• THE TASK
Please copy, exactly as they appear below, the lines from the one containing "on k, hence" through the one containing "reduced state is".

• INFORMATION PROVIDED
________

text \<open>The weak-type estimate for the uncentred maximal function of the push-forward of \<open>N\<close> restricted to \<open>T\<close>.\<close>
lemma Vitali_weak_type_bound:
  fixes g :: "'b \<Rightarrow> 'a::euclidean_space"
  assumes N: "finite_measure N" and g: "g \<in> borel_measurable N" and T: "T \<in> sets N"
    and L: "0 < L" and \<beta>: "0 < \<beta>" "\<beta> \<le> real DIM('a)"
  obtains U where "U \<in> sets lebesgue"
    and "{x. \<exists>r>0. ennreal (L * r powr \<beta>) < emeasure N {y\<in>T. g y \<in> ball x r}} \<subseteq> U"
    and "emeasure lebesgue U \<le> ennreal (10 ^ DIM('a) * (measure N T / L) powr (real DIM('a) / \<beta>))"
proof -
  interpret finite_measure N by (rule N)
  define P where "P x r = {y\<in>T. g y \<in> ball x r}" for x r
  define m where "m = measure N T"
  define B where "B = (m / L) powr (1 / \<beta>)"
  have P_sets: "P x r \<in> sets N" for x r
  proof -
    have "P x r = T \<inter> (g -` ball x r \<inter> space N)"
      using sets.sets_into_space[OF T] by (auto simp: P_def)
    then show ?thesis using T measurable_sets[OF g, of "ball x r"] by auto
  qed
  have P_le: "emeasure N (\<Union>i\<in>I. P i (r i)) \<le> ennreal m" for I r
    using T by (auto simp: P_def m_def emeasure_eq_measure[symmetric] intro!: emeasure_mono)
  define S where "S = {x. \<exists>r>0. ennreal (L * r powr \<beta>) < emeasure N (P x r)}"
  have "\<forall>x\<in>S. \<exists>r. 0 < r \<and> ennreal (L * r powr \<beta>) < emeasure N (P x r)"
    by (auto simp: S_def)
  then obtain rad where rad: "\<And>x. x \<in> S \<Longrightarrow> 0 < rad x \<and> ennreal (L * rad x powr \<beta>) < emeasure N (P x (rad x))"
    by metis
  \<comment> \<open>Radii are bounded because a ball can carry at most the total mass \<open>m\<close>.\<close>
  have rad_le: "rad x \<le> B" if x: "x \<in> S" for x
    unfolding B_def using rad[OF x] P_le[where I="{x}" and r="\<lambda>_. rad x"] L \<beta>
    by (intro radius_le_of_mass) auto
  obtain C where C: "countable C" "C \<subseteq> S"
    and disj: "pairwise (\<lambda>i j. disjnt (ball (id i) (rad i)) (ball (id j) (rad j))) C"
    and cover: "S \<subseteq> (\<Union>i\<in>C. ball (id i) (5 * rad i))"
  proof (rule Vitali_covering_lemma_balls[where S=S and K=S and a=id and r=rad and B=B])
    show "S \<subseteq> (\<Union>i\<in>S. ball (id i) (rad i))" using rad by force
  qed (use rad rad_le in auto)
  define U where "U = (\<Union>i\<in>C. ball i (5 * rad i))"
  define \<kappa> where "\<kappa> = 10 ^ DIM('a) * B powr (real DIM('a) - \<beta>) / L"
  have "disjoint_family_on (\<lambda>i. P i (rad i)) C"
    using disj by (fastforce simp: disjoint_family_on_def pairwise_def disjnt_def P_def)
  then have "emeasure lebesgue U \<le> ennreal \<kappa> * emeasure N (\<Union>i\<in>C. P i (rad i))"
    unfolding U_def \<kappa>_def using C rad rad_le P_sets
    by (intro emeasure_UN_balls_5_le[where c=id, simplified, OF _ _ L \<beta>]) auto
  also have "\<dots> \<le> ennreal \<kappa> * ennreal m"
    using P_le by (intro mult_left_mono) auto
  also have "\<dots> = ennreal (\<kappa> * m)"
    using L by (intro ennreal_mult[symmetric]) (auto simp: \<kappa>_def m_def)
  also have "\<kappa> * m = 10 ^ DIM('a) * (B powr (real DIM('a) - \<beta>) * (m / L))"
    by (simp add: \<kappa>_def)
  also have "B powr (real DIM('a) - \<beta>) * (m / L) = (m / L) powr (real DIM('a) / \<beta>)"
    unfolding B_def using L \<beta> by (intro powr_inverse_powr_mult) (auto simp: m_def)
  finally have "emeasure lebesgue U \<le> ennreal (10 ^ DIM('a) * (measure N T / L) powr (real DIM('a) / \<beta>))"
    by (simp add: m_def)
  moreover have "U \<in> sets lebesgue"
    unfolding U_def using C(1) by (intro sets.countable_UN') auto
  ultimately show ?thesis
    using that cover unfolding S_def P_def U_def by simp
qed
(* Let $A,B$ be systems of equal finite dimension $d$, each with observable $L=\sum_{n=0}^{d-1}n|n\rangle\langle n|$, and $L_{AB}=L\otimes\mathbb{I}+\mathbb{I}\otimes L$. Let $\rho_{AB}$ be a bipartite state with $[1,d-1]\cap\mathrm{modes}(\rho_{AB})=\emptyset$. Then there is no allowed operation that concentrates coherence, with respect to any coherence measure: for every allowed operation $\mathcal{E}$ on $AB$, the reduced states $\mathrm{tr}_B\mathcal{E}(\rho_{AB})$ and $\mathrm{tr}_A\mathcal{E}(\rho_{AB})$ are incoherent, i.e. commute with $L$.
   Context: For a bipartite operator $X$, its $j$th mode is $X^{(j)}:=\sum_c\Pi_{c+j}X\Pi_c$, with $\Pi_c$ the projector onto the eigenvalue-$c$ eigenspace of $L_{AB}$; $\mathrm{modes}(X):=\{j\in\mathbb{N}: X^{(j)}\neq0\}$. A state $\sigma$ of a system with observable $L$ is incoherent if $[\sigma,L]=0$. An allowed operation on $AB$ is a completely positive trace-preserving map $\mathcal{E}$ with $\mathcal{E}(e^{-iL_{AB}x}(\cdot)e^{iL_{AB}x})=e^{-iL_{AB}x}\mathcal{E}(\cdot)e^{iL_{AB}x}$ for all $x\in\mathbb{R}$. Any coherence measure considered vanishes on incoherent states. *)

theory Defs
  imports "Jordan_Normal_Form.Matrix"
begin

(* Operators on C^n are complex n x n matrices (Jordan_Normal_Form mat).
   Bipartite system AB with local dimension d: basis |a>|b> has index a*d+b. *)

definition mtrace :: "complex mat \<Rightarrow> complex" where
  "mtrace A = (\<Sum>i<dim_row A. A $$ (i, i))"

definition kron :: "complex mat \<Rightarrow> complex mat \<Rightarrow> complex mat" where
  "kron A B = mat (dim_row A * dim_row B) (dim_col A * dim_col B)
     (\<lambda>(i, j). A $$ (i div dim_row B, j div dim_col B) * B $$ (i mod dim_row B, j mod dim_col B))"

definition psd :: "complex mat \<Rightarrow> bool" where
  "psd M \<longleftrightarrow> square_mat M \<and>
     (\<forall>v. dim_vec v = dim_row M \<longrightarrow>
        Im (conjugate v \<bullet> (M *\<^sub>v v)) = 0 \<and> Re (conjugate v \<bullet> (M *\<^sub>v v)) \<ge> 0)"

definition is_state :: "nat \<Rightarrow> complex mat \<Rightarrow> bool" where
  "is_state n \<rho> \<longleftrightarrow> \<rho> \<in> carrier_mat n n \<and> psd \<rho> \<and> mtrace \<rho> = 1"

definition Lloc :: "nat \<Rightarrow> complex mat" where
  "Lloc d = mat d d (\<lambda>(i, j). if i = j then of_nat i else 0)"

definition LAB :: "nat \<Rightarrow> complex mat" where
  "LAB d = kron (Lloc d) (1\<^sub>m d) + kron (1\<^sub>m d) (Lloc d)"

(* projector onto the eigenvalue-c eigenspace of L_AB (L_AB is diagonal in the product basis) *)
definition Proj :: "nat \<Rightarrow> complex \<Rightarrow> complex mat" where
  "Proj d c = mat (d * d) (d * d) (\<lambda>(p, q). if p = q \<and> LAB d $$ (p, p) = c then 1 else 0)"

(* j-th mode X^(j) = sum_c Pi_{c+j} X Pi_c, c ranging over the eigenvalues 0,...,2d-2 of L_AB *)
definition mode :: "nat \<Rightarrow> complex mat \<Rightarrow> nat \<Rightarrow> complex mat" where
  "mode d X j = foldr (\<lambda>c acc. Proj d (of_nat (c + j)) * X * Proj d (of_nat c) + acc)
                   [0..<2 * d - 1] (0\<^sub>m (d * d) (d * d))"

definition modes :: "nat \<Rightarrow> complex mat \<Rightarrow> nat set" where
  "modes d X = {j. mode d X j \<noteq> 0\<^sub>m (d * d) (d * d)}"

(* e^{-i L_AB x} (L_AB is diagonal) *)
definition Uev :: "nat \<Rightarrow> real \<Rightarrow> complex mat" where
  "Uev d x = mat (d * d) (d * d) (\<lambda>(p, q). if p = q then exp (- \<i> * of_real x * LAB d $$ (p, p)) else 0)"

definition block :: "nat \<Rightarrow> complex mat \<Rightarrow> nat \<Rightarrow> nat \<Rightarrow> complex mat" where
  "block m M i j = mat m m (\<lambda>(x, y). M $$ (i * m + x, j * m + y))"

(* (id_n \<otimes> E) applied to an (n*m) x (n*m) matrix *)
definition ampl :: "nat \<Rightarrow> nat \<Rightarrow> (complex mat \<Rightarrow> complex mat) \<Rightarrow> complex mat \<Rightarrow> complex mat" where
  "ampl n m E M = mat (n * m) (n * m) (\<lambda>(p, q). E (block m M (p div m) (q div m)) $$ (p mod m, q mod m))"

definition cptp :: "nat \<Rightarrow> (complex mat \<Rightarrow> complex mat) \<Rightarrow> bool" where
  "cptp m E \<longleftrightarrow>
     (\<forall>X \<in> carrier_mat m m. E X \<in> carrier_mat m m) \<and>
     (\<forall>X \<in> carrier_mat m m. \<forall>Y \<in> carrier_mat m m. E (X + Y) = E X + E Y) \<and>
     (\<forall>X \<in> carrier_mat m m. \<forall>a. E (a \<cdot>\<^sub>m X) = a \<cdot>\<^sub>m E X) \<and>
     (\<forall>X \<in> carrier_mat m m. mtrace (E X) = mtrace X) \<and>
     (\<forall>n. \<forall>M \<in> carrier_mat (n * m) (n * m). psd M \<longrightarrow> psd (ampl n m E M))"

definition allowed :: "nat \<Rightarrow> (complex mat \<Rightarrow> complex mat) \<Rightarrow> bool" where
  "allowed d E \<longleftrightarrow> cptp (d * d) E \<and>
     (\<forall>x::real. \<forall>X \<in> carrier_mat (d * d) (d * d).
        E (Uev d x * X * Uev d (- x)) = Uev d x * E X * Uev d (- x))"

definition ptrace_B :: "nat \<Rightarrow> complex mat \<Rightarrow> complex mat" where
  "ptrace_B d Y = mat d d (\<lambda>(a, a'). \<Sum>b<d. Y $$ (a * d + b, a' * d + b))"

definition ptrace_A :: "nat \<Rightarrow> complex mat \<Rightarrow> complex mat" where
  "ptrace_A d Y = mat d d (\<lambda>(b, b'). \<Sum>a<d. Y $$ (a * d + b, a * d + b'))"

definition incoherent :: "complex mat \<Rightarrow> complex mat \<Rightarrow> bool" where
  "incoherent L \<sigma> \<longleftrightarrow> \<sigma> * L = L * \<sigma>"

end

theory Submission
  imports Defs
begin

(* L_AB is diagonal in the product basis, with eigenvalue level p = a + b at the index
   p = a * d + b. Conjugation by e^(-i L_AB x) multiplies the (p, q) entry of a matrix by
   exp (-i x (level p - level q)); choosing x so that two such phases differ shows that a
   covariant linear map sends a matrix supported on one level difference k to a matrix supported
   on k, hence it preserves the vanishing of any set of level differences. The state rho is
   Hermitian, so the vanishing of its modes 1, ..., d - 1 forces that of the modes
   -(d - 1), ..., -1 too, and then the same holds for E rho. An off-diagonal entry (a, a') of either
   reduced state is a sum of entries of E rho with level difference a - a', which lies in that
   range; so both reduced states are diagonal and commute with L. *)

definition level :: "nat \<Rightarrow> nat \<Rightarrow> nat" where
  "level d p = p div d + p mod d"

definition level_diff :: "nat \<Rightarrow> nat \<Rightarrow> nat \<Rightarrow> int" where
  "level_diff d p q = int (level d p) - int (level d q)"

definition vanishes_on_modes :: "nat \<Rightarrow> int set \<Rightarrow> complex mat \<Rightarrow> bool" where
  "vanishes_on_modes d S X \<longleftrightarrow>
     (\<forall>p < d * d. \<forall>q < d * d. level_diff d p q \<in> S \<longrightarrow> X $$ (p, q) = 0)"

definition restrict_modes :: "nat \<Rightarrow> int set \<Rightarrow> complex mat \<Rightarrow> complex mat" where
  "restrict_modes d S X =
     mat (d * d) (d * d) (\<lambda>(p, q). if level_diff d p q \<in> S then X $$ (p, q) else 0)"

lemma level_less:
  assumes "p < d * d"
  shows "level d p < 2 * d - 1"
proof -
  have "p div d < d" using assms by (simp add: less_mult_imp_div_less)
  moreover have "p mod d < d" using assms by (cases "d = 0") auto
  ultimately show ?thesis unfolding level_def by linarith
qed

lemma level_index: "b < d \<Longrightarrow> level d (a * d + b) = a + b"
  by (simp add: level_def)

lemma level_diff_index:
  "b < d \<Longrightarrow> b' < d \<Longrightarrow> level_diff d (a * d + b) (a' * d + b') = (int a + int b) - (int a' + int b')"
  by (simp add: level_diff_def level_index)

lemma index_less:
  fixes a b d :: nat
  assumes "a < d" and "b < d"
  shows "a * d + b < d * d"
proof -
  have "a * d + b < (a + 1) * d" using assms(2) by simp
  also have "\<dots> \<le> d * d" using assms(1) by (intro mult_right_mono) auto
  finally show ?thesis .
qed

lemma LAB_diag_entry: "p < d * d \<Longrightarrow> LAB d $$ (p, p) = of_nat (level d p)"
  using level_less[of p d] less_mult_imp_div_less[of p d d]
  by (cases "d = 0") (auto simp: LAB_def kron_def Lloc_def level_def)

lemma Lloc_eq_mat_diag: "Lloc d = mat_diag d of_nat"
  unfolding Lloc_def mat_diag_def by (rule eq_matI) auto

lemma Proj_eq_mat_diag:
  "Proj d c = mat_diag (d * d) (\<lambda>p. if LAB d $$ (p, p) = c then 1 else 0)"
  unfolding Proj_def mat_diag_def by (rule eq_matI) auto

lemma Uev_eq_mat_diag:
  "Uev d x = mat_diag (d * d) (\<lambda>p. exp (- \<i> * of_real x * LAB d $$ (p, p)))"
  unfolding Uev_def mat_diag_def by (rule eq_matI) auto

lemma mat_diag_conj:
  assumes "X \<in> carrier_mat n n"
  shows "mat_diag n f * X * mat_diag n g = mat n n (\<lambda>(i, j). f i * X $$ (i, j) * g j)"
  using assms by (auto simp: mat_diag_mult_left mat_diag_mult_right[of _ n n] intro!: eq_matI)
(* Fix $m\in\mathbb N$ and $\xi\in\mathbb R^m$, and let $\rho=\sqrt{\log m+1}\,\|\xi\|$. For every integer $k\geq1$ with $k\geq 2m\rho$, $$\Big|\big(\widehat{e^{2\operatorname{Im}g_+}}\big)_k\Big|\leq 2e^{\rho}\frac{\rho^{\lceil k/m\rceil}}{\lceil k/m\rceil!}.$$
   Context: $g_+(\theta)=\sum_{j=1}^m\frac{\xi_j}{\sqrt j}e^{ij\theta}$, so $\operatorname{Im}g_+(\theta)=\sum_{j=1}^m\frac{\xi_j}{\sqrt j}\sin j\theta$. For a function $c$ on $[-\pi,\pi]$, $\hat c_k=\frac1{2\pi}\int_{-\pi}^{\pi}c(\theta)e^{-ik\theta}d\theta$. $\log$ is natural. *)

theory Defs
  imports "HOL-Analysis.Analysis"
begin

definition g_plus :: "nat \<Rightarrow> (nat \<Rightarrow> real) \<Rightarrow> real \<Rightarrow> complex" where
  "g_plus m \<xi> \<theta> = (\<Sum>j=1..m. complex_of_real (\<xi> j / sqrt (real j)) * exp (\<i> * of_nat j * complex_of_real \<theta>))"

definition fourier_coeff :: "(real \<Rightarrow> complex) \<Rightarrow> int \<Rightarrow> complex" where
  "fourier_coeff c k = complex_of_real (1 / (2 * pi)) *
     integral {-pi..pi} (\<lambda>\<theta>. c \<theta> * exp (- (\<i> * of_int k * complex_of_real \<theta>)))"

definition vec_norm :: "nat \<Rightarrow> (nat \<Rightarrow> real) \<Rightarrow> real" where
  "vec_norm m \<xi> = sqrt (\<Sum>j=1..m. (\<xi> j)^2)"

end
lemma sum_integral_cube_increments_le:
  fixes t :: "nat \<Rightarrow> real" and m :: "'a \<Rightarrow> real" and K :: real
  assumes t: "\<And>i. 0 \<le> t i" "\<And>i. t i \<le> t (Suc i)"
    and m[measurable]: "m \<in> borel_measurable M" and m_range: "\<And>\<omega>. \<omega> \<in> space M \<Longrightarrow> 0 \<le> m \<omega> \<and> m \<omega> \<le> 1"
    and m_bound: "\<And>\<omega> i. \<omega> \<in> space M \<Longrightarrow> i < n \<Longrightarrow> \<bar>Y (t (Suc i)) \<omega> - Y (t i) \<omega>\<bar> \<le> m \<omega>"
    and K: "0 < K"
  shows "(\<Sum>i<n. \<integral>\<omega>. \<bar>Y (t (Suc i)) \<omega> - Y (t i) \<omega>\<bar>^3 \<partial>M) \<le> 3/K + K/4 * (\<integral>\<omega>. m \<omega> \<partial>M)"
proof -
  define D where "D i \<omega> = Y (t (Suc i)) \<omega> - Y (t i) \<omega>" for i \<omega>
  define S where "S \<omega> = (\<Sum>i<n. (D i \<omega>)^2)" for \<omega>
  have [measurable]: "D i \<in> borel_measurable M" for i unfolding D_def using t by measurable
  have [measurable]: "S \<in> borel_measurable M" unfolding S_def by measurable
  have D_le: "\<bar>D i \<omega>\<bar> \<le> 1" if "\<omega> \<in> space M" for i \<omega>
    unfolding D_def using abs_Y_diff_le_1[OF that t(1) t(1)] .
  have int_D3: "integrable M (\<lambda>\<omega>. \<bar>D i \<omega>\<bar>^3)" for i
    by (rule integrable_bounded[where B=1]) (use D_le in \<open>auto simp: power_le_one\<close>)
  have int_S2: "integrable M (\<lambda>\<omega>. (S \<omega>)^2)"
  proof (rule integrable_bounded[where B="(real n)^2"])
    fix \<omega> assume \<omega>: "\<omega> \<in> space M"
    have "S \<omega> \<le> (\<Sum>i<n. 1)" unfolding S_def using D_le[OF \<omega>] by (intro sum_mono) (simp add: abs_square_le_1)
    moreover have "0 \<le> S \<omega>" unfolding S_def by (intro sum_nonneg) simp
    ultimately show "\<bar>(S \<omega>)^2\<bar> \<le> (real n)^2" by (simp add: power_mono)
  qed measurable
  have int_m: "integrable M m" by (rule integrable_bounded[where B=1]) (use m_range in auto)
  have pointwise: "(\<Sum>i<n. \<bar>D i \<omega>\<bar>^3) \<le> (S \<omega>)^2 / K + K * m \<omega> / 4" if \<omega>: "\<omega> \<in> space M" for \<omega>
    unfolding S_def D_def using m_bound[OF \<omega>] m_range[OF \<omega>] K by (intro sum_abs_cube_le) auto
  have "(\<Sum>i<n. \<integral>\<omega>. \<bar>D i \<omega>\<bar>^3 \<partial>M) = (\<integral>\<omega>. (\<Sum>i<n. \<bar>D i \<omega>\<bar>^3) \<partial>M)"
    by (simp add: Bochner_Integration.integral_sum int_D3)
  also have "\<dots> \<le> (\<integral>\<omega>. (S \<omega>)^2 / K + K * m \<omega> / 4 \<partial>M)"
    by (rule integral_mono) (use int_D3 int_S2 int_m pointwise in auto)
  also have "\<dots> = (\<integral>\<omega>. (S \<omega>)^2 \<partial>M) / K + K/4 * (\<integral>\<omega>. m \<omega> \<partial>M)"
    using int_S2 int_m by simp
  also have "(\<integral>\<omega>. (S \<omega>)^2 \<partial>M) \<le> 3"
    unfolding S_def D_def by (rule integral_square_sum_square_increments_le[of t, OF t])
  finally show ?thesis unfolding D_def using K by (simp add: divide_right_mono)
qed

definition max_grid_osc :: "real \<Rightarrow> nat \<Rightarrow> 'a \<Rightarrow> real" where
  "max_grid_osc \<tau> n \<omega> = Max ((\<lambda>i. osc (grid \<tau> n i) (grid \<tau> n (Suc i)) \<omega>) ` {..<n})"

context
  fixes \<tau> :: real and n :: nat
  assumes \<tau>: "0 < \<tau>" and n: "0 < n"
begin

lemma max_grid_osc_measurable[measurable]: "max_grid_osc \<tau> n \<in> borel_measurable M"
  unfolding max_grid_osc_def using \<tau>
  by (intro borel_measurable_Max) (auto intro!: osc_measurable grid_nonneg grid_le_Suc)

lemma osc_le_max_grid_osc:
  "\<omega> \<in> space M \<Longrightarrow> i < n \<Longrightarrow> osc (grid \<tau> n i) (grid \<tau> n (Suc i)) \<omega> \<le> max_grid_osc \<tau> n \<omega>"
  unfolding max_grid_osc_def by (intro Max_ge) auto

lemma max_grid_osc_bounds:
  assumes \<omega>: "\<omega> \<in> space M"
  shows "0 \<le> max_grid_osc \<tau> n \<omega> \<and> max_grid_osc \<tau> n \<omega> \<le> 1"
proof
  show "0 \<le> max_grid_osc \<tau> n \<omega>"
    using osc_le_max_grid_osc[OF \<omega> n] osc_nonneg[OF \<omega> grid_nonneg grid_le_Suc, of \<tau> n 0] \<tau> by simp
  show "max_grid_osc \<tau> n \<omega> \<le> 1"
    unfolding max_grid_osc_def using n \<tau> by (subst Max_le_iff) (auto intro!: osc_le_1[OF \<omega>] grid_nonneg grid_le_Suc)
qed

________

• ANSWER BOX
   on k, hence it preserves the vanishing of any set of level differences. The state rho is
   Hermitian, so the vanishing of its modes 1, ..., d - 1 forces that of the modes
   -(d - 1), ..., -1 too, and then the same holds for E rho. An off-diagonal entry (a, a') of either
   reduced state is a sum of entries of E rho with level difference a - a', which lies in that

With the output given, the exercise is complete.